Cluso99 · 2012-12-06 11:58

Sapieha: Your P2 board looks nice. I see you have gone for a bank of V,G,0-7 sockets allowing the use of many P1 modules from Bill and others.

Cluso99 · 2012-12-06 12:00

cgracey wrote: »

Did anyone read the new doc section on multitasking yet? Did it make complete sense?

Yes. Our posts crossed.

The P2 is certainly going to keep Koroneko busy

David Betz · 2012-12-06 12:00

cgracey wrote: »

There was no @ before 'reserves'.

Ah, that must be my problem! Thanks for the explanation!

Sapieha · 2012-12-06 12:01

Hi Cluso

V,G,0-7,5V

And Yes it is for support all standard 10 + Bill's 11 pins modules

Cluso99 wrote: »

Sapieha: Your P2 board looks nice. I see you have gone for a bank of V,G,0-7 sockets allowing the use of many P1 modules from Bill and others.

David Betz · 2012-12-06 12:07

cgracey wrote: »

Did anyone read the new doc section on multitasking yet? Did it make complete sense?

It made sense to me. I think you had posted a shorter description of tasking earlier as well. Even that was pretty clear!

mindrobots · 2012-12-06 12:51

cgracey wrote: »

Did anyone read the new doc section on multitasking yet? Did it make complete sense?

Chip,

It made sense to me, which may or may not cause concern!

I like how you can play with the task register to control the amount of execution each task can get.

Now we'll see if I understand.

At least two ways to start multi-tasking:

1) Your code after COGINIT would start with instructions for task0 starting at $000, it would run through some code doing initialization/housekeeping until it was ready to start task1. When ready to start task1, it would execute a JMPTASK with the mask set for task1 and D set for the first instruction of task1's code and then use SETTASK to give some portion of the execution slots to task1. Any combination of this up to 3 additional tasks.

2) As in your 4 task example so task 0 ends up just doing the JMP then the SETTASK and then going about its business.

Wicked cool!!

I also like that the stack area is non-voaltile across COGINTs. That seems ripe for adventure and exploitation (in a good sense)!
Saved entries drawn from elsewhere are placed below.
(* Let $\Upsilon$ be a Coxeter graph and $W=W(\Upsilon)$ the associated Coxeter group, and suppose the abelianization of $W$ is $\mathbb{Z}_2$. Then there exists a labeled oriented tree $\Gamma$ of Coxeter type, which can moreover be chosen to be prime, such that $G(\Gamma)$ maps onto $W$.
   Context: A Coxeter graph $\Upsilon$ is a finite simplicial graph with vertex set $\mathbf{x}$ whose edges $e$ carry integer labels $m_e\ge 2$; $W(\Upsilon)=\langle \mathbf{x}\mid x^2\ (x\in\mathbf{x}),\ (xy)^{m_e}\text{ for each edge }e=\{x,y\}\rangle$. A labeled oriented tree (LOT) $\Gamma$ is a finite tree with vertex set $\mathbf{x}$ whose edges are oriented and each edge is labeled by a (possibly empty) word $w$ in $\mathbf{x}^{\pm1}$; for the edge $e=(x\xrightarrow{w}y)$ from $x$ to $y$ labeled $w$, set $r_e=xw(wy)^{-1}$; $G(\Gamma)=\langle\mathbf{x}\mid r_e,\ e\text{ an edge}\rangle$. $\Gamma$ is of Coxeter type if for every edge $e=(x\xrightarrow{w}y)$ every letter $z\ne x,y$ occurs in $w$ only with even exponents. A subLOT of $\Gamma$ is a subtree $\Gamma'$ such that all letters in the labels of edges of $\Gamma'$ are vertices of $\Gamma'$; $\Gamma$ is prime if it has no subLOT other than $\Gamma$ itself and single vertices. *)

theory Defs
  imports "HOL-Algebra.Algebra"
begin

text \<open>A word over a generating set is a list of syllables (z, k), standing for z^k
  (k an integer exponent).\<close>
type_synonym 'x word = "('x \<times> int) list"

definition words :: "'x set \<Rightarrow> 'x word set" where
  "words S = {w. fst ` set w \<subseteq> S}"

definition inv_word :: "'x word \<Rightarrow> 'x word" where
  "inv_word w = rev (map (\<lambda>(z, k). (z, - k)) w)"

text \<open>The congruence on words over S generated by the relators R (together with the
  free-group rules for syllables): two words are equivalent iff they represent the same
  element of the group with presentation (S | R).\<close>
inductive_set pres_cong :: "'x set \<Rightarrow> 'x word set \<Rightarrow> ('x word \<times> 'x word) set"
  for S :: "'x set" and R :: "'x word set" where
  refl: "w \<in> words S \<Longrightarrow> (w, w) \<in> pres_cong S R"
| sym: "(u, v) \<in> pres_cong S R \<Longrightarrow> (v, u) \<in> pres_cong S R"
| trans: "(u, v) \<in> pres_cong S R \<Longrightarrow> (v, w) \<in> pres_cong S R \<Longrightarrow> (u, w) \<in> pres_cong S R"
| ctxt: "(u, v) \<in> pres_cong S R \<Longrightarrow> a \<in> words S \<Longrightarrow> b \<in> words S
         \<Longrightarrow> (a @ u @ b, a @ v @ b) \<in> pres_cong S R"
| rel: "r \<in> R \<Longrightarrow> r \<in> words S \<Longrightarrow> (r, []) \<in> pres_cong S R"
| merge: "z \<in> S \<Longrightarrow> ([(z, k), (z, l)], [(z, k + l)]) \<in> pres_cong S R"
| zero: "z \<in> S \<Longrightarrow> ([(z, 0)], []) \<in> pres_cong S R"

definition pres_group :: "'x set \<Rightarrow> 'x word set \<Rightarrow> 'x word set monoid" where
  "pres_group S R =
     \<lparr> carrier = words S // pres_cong S R,
       monoid.mult = (\<lambda>A B. \<Union>a\<in>A. \<Union>b\<in>B. pres_cong S R `` {a @ b}),
       one = pres_cong S R `` {[]} \<rparr>"

definition coxeter_graph :: "'x set \<Rightarrow> 'x set set \<Rightarrow> ('x set \<Rightarrow> nat) \<Rightarrow> bool" where
  "coxeter_graph S E m \<longleftrightarrow> finite S \<and>
     (\<forall>e\<in>E. e \<subseteq> S \<and> card e = 2 \<and> m e \<ge> 2)"

definition coxeter_relators :: "'x set \<Rightarrow> 'x set set \<Rightarrow> ('x set \<Rightarrow> nat) \<Rightarrow> 'x word set" where
  "coxeter_relators S E m =
     {[(x, 2)] | x. x \<in> S} \<union>
     {concat (replicate (m e) [(x, 1), (y, 1)]) | e x y. e \<in> E \<and> e = {x, y}}"

definition coxeter_group :: "'x set \<Rightarrow> 'x set set \<Rightarrow> ('x set \<Rightarrow> nat) \<Rightarrow> 'x word set monoid" where
  "coxeter_group S E m = pres_group S (coxeter_relators S E m)"

text \<open>A LOT: finite vertex set V and a set of oriented labeled edges (x, w, y),
  meaning x --w--> y.  Vertices are taken to be natural numbers (any finite LOT
  is isomorphic to one of this form).\<close>
type_synonym lot_edge = "nat \<times> nat word \<times> nat"

definition lot_adj :: "lot_edge set \<Rightarrow> (nat \<times> nat) set" where
  "lot_adj Ed = {(x, y) | x w y. (x, w, y) \<in> Ed} \<union> {(y, x) | x w y. (x, w, y) \<in> Ed}"

definition is_tree :: "nat set \<Rightarrow> lot_edge set \<Rightarrow> bool" where
  "is_tree V Ed \<longleftrightarrow> finite V \<and> V \<noteq> {} \<and> finite Ed \<and>
     (\<forall>(x, w, y)\<in>Ed. x \<in> V \<and> y \<in> V \<and> x \<noteq> y) \<and>
     (\<forall>(x, w, y)\<in>Ed. \<forall>(x', w', y')\<in>Ed. {x, y} = {x', y'} \<longrightarrow> (x, w, y) = (x', w', y')) \<and>
     (\<forall>u\<in>V. \<forall>v\<in>V. (u, v) \<in> (lot_adj Ed)\<^sup>*) \<and>
     card Ed + 1 = card V"

definition is_LOT :: "nat set \<Rightarrow> lot_edge set \<Rightarrow> bool" where
  "is_LOT V Ed \<longleftrightarrow> is_tree V Ed \<and> (\<forall>(x, w, y)\<in>Ed. w \<in> words V)"

definition lot_relator :: "lot_edge \<Rightarrow> nat word" where
  "lot_relator e = (case e of (x, w, y) \<Rightarrow> [(x, 1)] @ w @ inv_word (w @ [(y, 1)]))"

definition lot_group :: "nat set \<Rightarrow> lot_edge set \<Rightarrow> nat word set monoid" where
  "lot_group V Ed = pres_group V (lot_relator ` Ed)"

definition lot_coxeter_type :: "lot_edge set \<Rightarrow> bool" where
  "lot_coxeter_type Ed \<longleftrightarrow>
     (\<forall>(x, w, y)\<in>Ed. \<forall>(z, k)\<in>set w. z \<noteq> x \<and> z \<noteq> y \<longrightarrow> even k)"

definition induced_edges :: "lot_edge set \<Rightarrow> nat set \<Rightarrow> lot_edge set" where
  "induced_edges Ed V' = {(x, w, y). (x, w, y) \<in> Ed \<and> x \<in> V' \<and> y \<in> V'}"

definition is_subLOT :: "nat set \<Rightarrow> lot_edge set \<Rightarrow> nat set \<Rightarrow> bool" where
  "is_subLOT V Ed V' \<longleftrightarrow> V' \<subseteq> V \<and> is_tree V' (induced_edges Ed V') \<and>
     (\<forall>(x, w, y)\<in>induced_edges Ed V'. w \<in> words V')"

definition lot_prime :: "nat set \<Rightarrow> lot_edge set \<Rightarrow> bool" where
  "lot_prime V Ed \<longleftrightarrow> (\<forall>V'. is_subLOT V Ed V' \<longrightarrow> V' = V \<or> card V' = 1)"

definition abelianization :: "('a, 'b) monoid_scheme \<Rightarrow> 'a set monoid" where
  "abelianization G = G Mod (derived G (carrier G))"

definition maps_onto :: "('a, 'b) monoid_scheme \<Rightarrow> ('c, 'd) monoid_scheme \<Rightarrow> bool" where
  "maps_onto G H \<longleftrightarrow> (\<exists>h. h \<in> hom G H \<and> h ` carrier G = carrier H)"

end

theory Submission
  imports Defs
begin

(* If the odd-labelled edges of the Coxeter graph did not connect all generators, W would map
   onto Z/2 x Z/2 (send the generators of one odd component to (1, 0) and the others to (0, 1)),
   which is impossible when W^ab = Z/2.  So some walk s_0, ..., s_(n-1) along odd-labelled edges
   visits every generator.  Take the path LOT on 0, ..., n-1 with edges
   i --w_i--> i+1,  w_i = (x_(i+1) x_i)^k_i x_0^2 ... x_(n-1)^2,  where m(s_i, s_(i+1)) = 2 k_i + 1.
   Sending x_i to s_i kills every relator x_i w_i = w_i x_(i+1), because in a dihedral group of
   order 2(2k+1) the two reflections are conjugate by (s_(i+1) s_i)^k and the squares are trivial;
   the map is onto since the walk visits every generator.  The squares only add even exponents,
   so the LOT is of Coxeter type, and they put every vertex into every label, so it is prime. *)

section \<open>Groups given by presentations\<close>

lemma words_Nil [simp]: "[] \<in> words S"
  by (simp add: words_def)

lemma words_Cons [simp]: "p # w \<in> words S \<longleftrightarrow> fst p \<in> S \<and> w \<in> words S"
  by (auto simp: words_def)

lemma words_append [simp]: "u @ v \<in> words S \<longleftrightarrow> u \<in> words S \<and> v \<in> words S"
  by (auto simp: words_def)

lemma words_concat_replicate: "w \<in> words S \<Longrightarrow> concat (replicate n w) \<in> words S"
  by (induction n) auto

lemma inv_word_Nil [simp]: "inv_word [] = []"
  by (simp add: inv_word_def)

lemma inv_word_Cons [simp]: "inv_word ((z, k) # w) = inv_word w @ [(z, - k)]"
  by (simp add: inv_word_def)

lemma inv_word_append [simp]: "inv_word (u @ v) = inv_word v @ inv_word u"
  by (simp add: inv_word_def)

lemma inv_word_words [simp]: "inv_word w \<in> words S \<longleftrightarrow> w \<in> words S"
  by (induction w) auto

lemma pres_cong_words: "(u, v) \<in> pres_cong S R \<Longrightarrow> u \<in> words S \<and> v \<in> words S"
  by (induction rule: pres_cong.induct) auto

lemma equiv_pres_cong: "equiv (words S) (pres_cong S R)"
proof (rule equivI)
  show "refl_on (words S) (pres_cong S R)"
    by (auto simp: refl_on_def intro: pres_cong.refl dest: pres_cong_words)
  show "pres_cong S R \<subseteq> words S \<times> words S"
    by (auto dest: pres_cong_words)
  show "sym (pres_cong S R)"
    by (auto simp: sym_def intro: pres_cong.sym)
  show "trans (pres_cong S R)"
    by (auto simp: trans_def intro: pres_cong.trans)
qed

lemma pres_cong_append:
  assumes "(u, u') \<in> pres_cong S R" "(v, v') \<in> pres_cong S R"
  shows "(u @ v, u' @ v') \<in> pres_cong S R"
proof -
  have "(u @ v, u' @ v) \<in> pres_cong S R"
    using pres_cong.ctxt[OF assms(1), of "[]" v] assms(2) pres_cong_words by auto
  moreover have "(u' @ v, u' @ v') \<in> pres_cong S R"
    using pres_cong.ctxt[OF assms(2), of u' "[]"] assms(1) pres_cong_words by auto
  ultimately show ?thesis
    by (rule pres_cong.trans)
qed

lemma pres_cong_syllable_cancel:
  assumes "z \<in> S"
  shows "([(z, - k), (z, k)], []) \<in> pres_cong S R"
proof -
  have "([(z, - k), (z, k)], [(z, - k + k)]) \<in> pres_cong S R"
    using assms by (rule pres_cong.merge)
  then show ?thesis
    using pres_cong.zero[OF assms] by (auto intro: pres_cong.trans)
qed

lemma pres_cong_inv_word_left: "w \<in> words S \<Longrightarrow> (inv_word w @ w, []) \<in> pres_cong S R"
proof (induction w)
  case Nil
  then show ?case by (simp add: pres_cong.refl)
next
  case (Cons p w)
  obtain z k where p: "p = (z, k)" by fastforce
  with Cons.prems have z: "z \<in> S" and w: "w \<in> words S" by auto
  have "(inv_word w @ [(z, - k), (z, k)] @ w, inv_word w @ [] @ w) \<in> pres_cong S R"
    using z w by (intro pres_cong.ctxt pres_cong_syllable_cancel) auto
  with Cons.IH[OF w] show ?case
    using p by (auto intro: pres_cong.trans)
qed

abbreviation pres_class :: "'x set \<Rightarrow> 'x word set \<Rightarrow> 'x word \<Rightarrow> 'x word set" where
  "pres_class S R w \<equiv> pres_cong S R `` {w}"

abbreviation pres_gen :: "'x set \<Rightarrow> 'x word set \<Rightarrow> 'x \<Rightarrow> 'x word set" where
  "pres_gen S R z \<equiv> pres_class S R [(z, 1)]"

lemma pres_class_eqI: "(u, v) \<in> pres_cong S R \<Longrightarrow> pres_class S R u = pres_class S R v"
  using equiv_class_eq[OF equiv_pres_cong] .

lemma carrier_pres_group: "carrier (pres_group S R) = words S // pres_cong S R"
  by (simp add: pres_group_def)

lemma pres_class_in_carrier: "w \<in> words S \<Longrightarrow> pres_class S R w \<in> carrier (pres_group S R)"
  by (simp add: carrier_pres_group quotientI)

lemma pres_gen_in_carrier: "z \<in> S \<Longrightarrow> pres_gen S R z \<in> carrier (pres_group S R)"
  by (simp add: pres_class_in_carrier)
Bill Henning · 2012-12-06 12:59

Made sense to me.

cgracey wrote: »

Did anyone read the new doc section on multitasking yet? Did it make complete sense?

Electrodude · 2012-12-06 13:36

The non-volatility of the stack makes LMM really easy:

load variables from stack into cogram
run part of code
save variables into stack
coginit this cog with next chunk
repeat

Tubular · 2012-12-06 14:32

cgracey wrote: »

Did anyone read the new doc section on multitasking yet? Did it make complete sense?

Yep! Looks clear enough despite the caveats. I am thinking of re-writing my SVGA generator in task form, perhaps a VGA version (dot clock 25MHz), just as an exercise - ie
task00 - supervisor, vsync & idle thread
task01 - output active VGA
task02 - fetch / modulate VGA contents
task03 - porch/hsync/porch

The advantage I see is you don't have to cycle count to get the timing spot on (can base it all of system CNT for instance).

As I said just an exercise, we will of course be using the video generator down the track.

cgracey · 2012-12-06 16:14

Okay!

Thanks for the feedback, Guys.

Sounds like you've got an accurate handle on the multitasking.

cgracey · 2012-12-06 16:18

Electrodude wrote: »
The non-volatility of the stack makes LMM really easy:
load variables from stack into cogram
run part of code
save variables into stack
coginit this cog with next chunk
repeat

When a cog loads, it is actually executing RDLONGC's. So, you could do the same in software and load at the same rate, without having to commit the whole cog memory and having the I/O's cancelled each time.

Peter Jakacki · 2012-12-06 17:25

Since I've been waylaid and just getting back into the P2 seat now I have copied the latest (I hope) documentation from Chip's post and put this into a Google document. I find having to go back to the post and scroll select the text and mucking about is a nuisance for a number of reasons and one of them is that all the formatting of the document done previously is lost. Why can't we just have the Google document updated so we keep the formatting, we can introduce bookmarks and table of contents so that this is a live document.
Link to the editable version of the document
Link to the webpage version of the document which is automatically updated when the master has been changed.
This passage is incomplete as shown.